The problem: What lines of the listing below contain the word "assms"? Copy each of them out.

::::

lemma schatten_rate_ereal_less_two:
  assumes "1 \<le> q" and "q < 2" and "1 \<le> n"
  shows "schatten_rate (ereal q) n = real n powr (- 2 / q)"
proof (cases "q = 1")
  case False
  then have "- 1 / (q - 1) \<le> - 2 / q" using assms(1,2) by (simp add: field_simps)
  then have "real n powr (- 1 / (q - 1)) \<le> real n powr (- 2 / q)"
    using assms(3) by (intro powr_mono) auto
  then show ?thesis using False by (simp add: schatten_rate_def one_ereal_def)
qed (simp add: schatten_rate_def one_ereal_def)

theorem theorem5:
  fixes c :: real and p :: ereal and n :: nat
  assumes V: "separable_hilbert TYPE('v::{real_inner,complete_space})"
      and V_inf: "infinite_dimensional TYPE('v)"
      and W: "separable_hilbert TYPE('w::{real_inner,complete_space})"
      and W_inf: "infinite_dimensional TYPE('w)"
      and c: "c > 0"
      and p: "1 \<le> p"
      and n: "1 \<le> n"
  shows "ereal (c\<^sup>2 / 12 * schatten_rate p n)
           \<le> minimax_risk n (cball (0::'v) 1) (cball (0::'w) c)
                (schatten_ball p c :: ('v \<Rightarrow> 'w) set)"
proof -
  consider "p = \<infinity>" | q where "p = ereal q" "1 \<le> q" "q < 2" | q where "p = ereal q" "2 \<le> q"
    using p by (cases p) (auto, linarith)
  then show ?thesis
  proof cases
    case 1
    then show ?thesis
      using minimax_risk_ge_infinity[OF V_inf W_inf n c] by (simp add: schatten_rate_def)
  next
    case (2 q)
    then show ?thesis
      using minimax_risk_ge_fast_rate[OF V_inf W_inf n c, of q] n
      by (simp add: schatten_rate_ereal_less_two)
  next
    case (3 q)
    then show ?thesis
      using minimax_risk_ge_fast_rate[OF V_inf W_inf n c, of q] minimax_risk_ge_slow_rate[OF V_inf W_inf n c, of q]
      by (simp add: schatten_rate_def max_mult_distrib_left max_def)
  qed
qed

::::

Answer section:
  then have "- 1 / (q - 1) \<le> - 2 / q" using assms(1,2) by (simp add: field_simps)
    using assms(3) by (intro powr_mono) auto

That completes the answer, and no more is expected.